■ Task to complete
For the entries below, say how many lines include the word "frac" and add nothing else.

[Extracted data entries]
(* Let $n\ge1$, $\gamma=(\gamma_1,\dots,\gamma_n)$ with $\gamma_i>0$, let $k\in\{-1,-3,-5,\dots\}$, and let $f$ be B-polyharmonic of order $\frac{1-k}{2}$ and even with respect to each variable. Then one of the solutions of the Cauchy problem $$(B_k)_tu=(\Delta_\gamma)_xu,\ x\in\mathbb{R}^n_+,\ t>0,\qquad u(x,0;k)=f(x),\quad u_t(x,0;k)=0$$ is given by $u(x,t;-1)=f(x)$ for $k=-1$, and for $k=-3,-5,\dots$ by $$u(x,t;k)=f(x)+\sum_{h=1}^{-\frac{k+1}{2}}\frac{\Delta_\gamma^h f}{(k+1)(k+3)\cdots(k+2h-1)}\,\frac{t^{2h}}{2\cdot4\cdots 2h}.$$
   Context: $\mathbb{R}^n_+=\{x\in\mathbb{R}^n:x_i>0\ \forall i\}$. $(B_\nu)_t=\partial_t^2+\frac{\nu}{t}\partial_t$; $\Delta_\gamma=(\Delta_\gamma)_x=\sum_{i=1}^n\big(\partial_{x_i}^2+\frac{\gamma_i}{x_i}\partial_{x_i}\big)$. $C^m_{ev}$: functions on $\mathbb{R}^n_+$, $m$ times differentiable, with all derivatives continuous up to $x_i=0$, and $\frac{\partial^{2j+1}f}{\partial x_i^{2j+1}}=0$ at $x_i=0$ for all $i$ and integers $j\ge0$ with $2j+1\le m$. A function $f$ is B-polyharmonic of order $p$ if $f\in C^{2p}_{ev}$ and $\Delta_\gamma^p f=0$. *)

theory Defs
  imports "HOL-Analysis.Analysis"
begin

text \<open>Points of R^n are vectors real^'n (the finite index type 'n has CARD('n) = n >= 1 elements).\<close>

definition Rplus :: "(real^'n) set" where
  "Rplus = {x. \<forall>i. x $ i > 0}"

definition Rplus_cl :: "(real^'n) set" where
  "Rplus_cl = {x. \<forall>i. x $ i \<ge> 0}"

definition upd :: "real^'n \<Rightarrow> 'n \<Rightarrow> real \<Rightarrow> real^'n" where
  "upd x i s = (\<chi> j. if j = i then s else x $ j)"

definition partial :: "'n \<Rightarrow> (real^'n \<Rightarrow> real) \<Rightarrow> real^'n \<Rightarrow> real" where
  "partial i g x = deriv (\<lambda>s. g (upd x i s)) (x $ i)"

fun dlist :: "'n list \<Rightarrow> (real^'n \<Rightarrow> real) \<Rightarrow> real^'n \<Rightarrow> real" where
  "dlist [] g = g"
| "dlist (i # is) g = partial i (dlist is g)"

definition Cev :: "nat \<Rightarrow> (real^'n \<Rightarrow> real) \<Rightarrow> bool" where
  "Cev m g \<longleftrightarrow>
     (\<forall>is i x. length is < m \<longrightarrow> x \<in> Rplus \<longrightarrow>
        (\<lambda>s. dlist is g (upd x i s)) differentiable (at (x $ i))) \<and>
     (\<forall>is. length is \<le> m \<longrightarrow>
        continuous_on Rplus (dlist is g) \<and>
        (\<exists>h. continuous_on Rplus_cl h \<and> (\<forall>x\<in>Rplus. h x = dlist is g x))) \<and>
     (\<forall>i j x. 2 * j + 1 \<le> m \<longrightarrow> x \<in> Rplus_cl \<longrightarrow> x $ i = 0 \<longrightarrow>
        (dlist (replicate (2 * j + 1) i) g \<longlongrightarrow> 0) (at x within Rplus))"
definition general_helix :: "real set \<Rightarrow> (real \<Rightarrow> real^3) \<Rightarrow> bool" where
  "general_helix I \<gamma> \<longleftrightarrow>
     (\<forall>s\<in>I. \<gamma> differentiable (at s) \<and> vector_derivative \<gamma> (at s) \<noteq> 0) \<and>
     (\<exists>d c. norm d = 1 \<and>
        (\<forall>s\<in>I. (vector_derivative \<gamma> (at s) /\<^sub>R norm (vector_derivative \<gamma> (at s))) \<bullet> d = c))"

definition rel_normal_slant_helix :: "real set \<Rightarrow> (real \<Rightarrow> real^3) \<Rightarrow> bool" where
  "rel_normal_slant_helix I V \<longleftrightarrow> (\<exists>d c. norm d = 1 \<and> (\<forall>s\<in>I. V s \<bullet> d = c))"

definition rect_darboux :: "(real \<Rightarrow> real^3) \<Rightarrow> (real \<Rightarrow> real^3) \<Rightarrow> (real \<Rightarrow> real) \<Rightarrow> (real \<Rightarrow> real) \<Rightarrow> real \<Rightarrow> real^3" where
  "rect_darboux T U kg tg s = tg s *\<^sub>R T s + kg s *\<^sub>R U s"

definition Dr_slant_helix :: "real set \<Rightarrow> (real \<Rightarrow> real^3) \<Rightarrow> (real \<Rightarrow> real^3) \<Rightarrow> (real \<Rightarrow> real) \<Rightarrow> (real \<Rightarrow> real) \<Rightarrow> bool" where
  "Dr_slant_helix I T U kg tg \<longleftrightarrow>
     (\<exists>d c. norm d = 1 \<and>
        (\<forall>s\<in>I. (rect_darboux T U kg tg s /\<^sub>R norm (rect_darboux T U kg tg s)) \<bullet> d = c))"

end

theory Submission
  imports Defs
begin
lemma polyring_ideal_of_nat_cancel:
  fixes x :: "'a::field_char_0 mpoly"
  assumes "is_ideal (polyring n) I" "of_nat r * x \<in> I" "r > 0"
  shows "x \<in> I"
proof -
  have "Poly_Mapping.single 0 (inverse (of_nat r)) * (of_nat r * x) \<in> I"
    by (rule is_ideal_mult[OF assms(1) polyring_const assms(2)])
  also have "Poly_Mapping.single 0 (inverse (of_nat r)) * (of_nat r * x)
      = (Poly_Mapping.single 0 (inverse (of_nat r)) * Poly_Mapping.single 0 (of_nat r)) * x"
    by (simp add: mult.assoc)
  also have "\<dots> = x"
    using assms(3) by (simp add: mult_single del: single_of_nat)
  finally show ?thesis .
qed

lemma pderiv_var_power:
  "u * pderiv_var i (u ^ m) = of_nat m * u ^ m * pderiv_var i u"
proof (cases m)
  case (Suc s)
  show ?thesis unfolding Suc pderiv_var_power_Suc by (simp only: power_Suc algebra_simps)
qed simp

lemma pderiv_var_power_mem_ideal:
  fixes a :: "'a::field_char_0 mpoly"
  assumes I: "is_ideal (polyring n) I" and stable: "pderiv_var i ` I \<subseteq> I"
    and a: "a \<in> polyring n" and "a ^ k \<in> I"
  shows "pderiv_var i a ^ (2 * k) \<in> I"
proof -
  define b where "b = pderiv_var i a"
  have b: "b \<in> polyring n" "pderiv_var i b \<in> polyring n"
    unfolding b_def using a by (simp_all add: polyring_pderiv_var)
  have "a ^ (k - j) * b ^ (2 * j) \<in> I" if "j \<le> k" for j
    using that
  proof (induction j)
    case 0
    then show ?case using \<open>a ^ k \<in> I\<close> by simp
  next
    case (Suc j)
    define s where "s = k - Suc j"
    define g where "g = a ^ Suc s * b ^ (2 * j)"
    have g: "g \<in> I" using Suc by (simp add: g_def s_def Suc_diff_Suc)
    have eq: "b * pderiv_var i g
        = of_nat (Suc s) * (a ^ s * b ^ (2 * Suc j)) + (of_nat (2 * j) * pderiv_var i b) * g"
    proof -
      have "b * pderiv_var i g
          = b * pderiv_var i (a ^ Suc s) * b ^ (2 * j) + a ^ Suc s * (b * pderiv_var i (b ^ (2 * j)))"
        unfolding g_def pderiv_var_mult by (simp add: algebra_simps)
      also have "\<dots> = of_nat (Suc s) * (a ^ s * b ^ (2 * Suc j)) + (of_nat (2 * j) * pderiv_var i b) * g"
        unfolding pderiv_var_power pderiv_var_power_Suc g_def b_def by (simp add: algebra_simps)
      finally show ?thesis .
    qed
    have "b * pderiv_var i g \<in> I"
      using is_ideal_mult[OF I b(1)] stable g by blast
    moreover have "(of_nat (2 * j) * pderiv_var i b) * g \<in> I"
      by (rule is_ideal_mult[OF I polyring_mult[OF polyring_of_nat b(2)] g])
    ultimately have "b * pderiv_var i g - (of_nat (2 * j) * pderiv_var i b) * g \<in> I"
      by (rule polyring_ideal_diff[OF I])
    then have "of_nat (Suc s) * (a ^ s * b ^ (2 * Suc j)) \<in> I"
      unfolding eq by simp
    then have "a ^ s * b ^ (2 * Suc j) \<in> I"
      by (rule polyring_ideal_of_nat_cancel[OF I]) simp
    then show ?case
      by (simp add: s_def)
  qed
  from this[of k] show ?thesis by (simp add: b_def)
qed

lemma pderiv_var_radical_stable:
  fixes I :: "'a::field_char_0 mpoly set"
  assumes "is_ideal (polyring n) I" and "pderiv_var i ` I \<subseteq> I"
  shows "pderiv_var i ` radical (polyring n) I \<subseteq> radical (polyring n) I"
  using pderiv_var_power_mem_ideal[OF assms] polyring_pderiv_var
  by (fastforce simp: radical_def)

text \<open>The Hasse derivative \<open>D\<^sup>k f / k!\<close>; for \<open>f\<close> of degree at most \<open>k\<close> in \<open>X\<^sub>i\<close> it is the
  coefficient of \<open>X\<^sub>i\<^sup>k\<close>.\<close>
definition hasse_deriv :: "nat \<Rightarrow> nat \<Rightarrow> 'a::field_char_0 mpoly \<Rightarrow> 'a mpoly" where
  "hasse_deriv i k f = Poly_Mapping.single 0 (inverse (fact k)) * (pderiv_var i ^^ k) f"

lemma hasse_deriv_0 [simp]: "hasse_deriv i 0 f = f"
  by (simp add: hasse_deriv_def)

lemma hasse_deriv_mem_ideal:
  assumes "is_ideal (polyring n) P" and "pderiv_var i ` P \<subseteq> P" and "f \<in> P"
  shows "hasse_deriv i k f \<in> P"
proof -
  have "(pderiv_var i ^^ k) f \<in> P"
    using assms(2,3) by (induction k) auto
  then show ?thesis
    unfolding hasse_deriv_def by (rule is_ideal_mult[OF assms(1) polyring_const])
qed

■ Solution for this exercise
2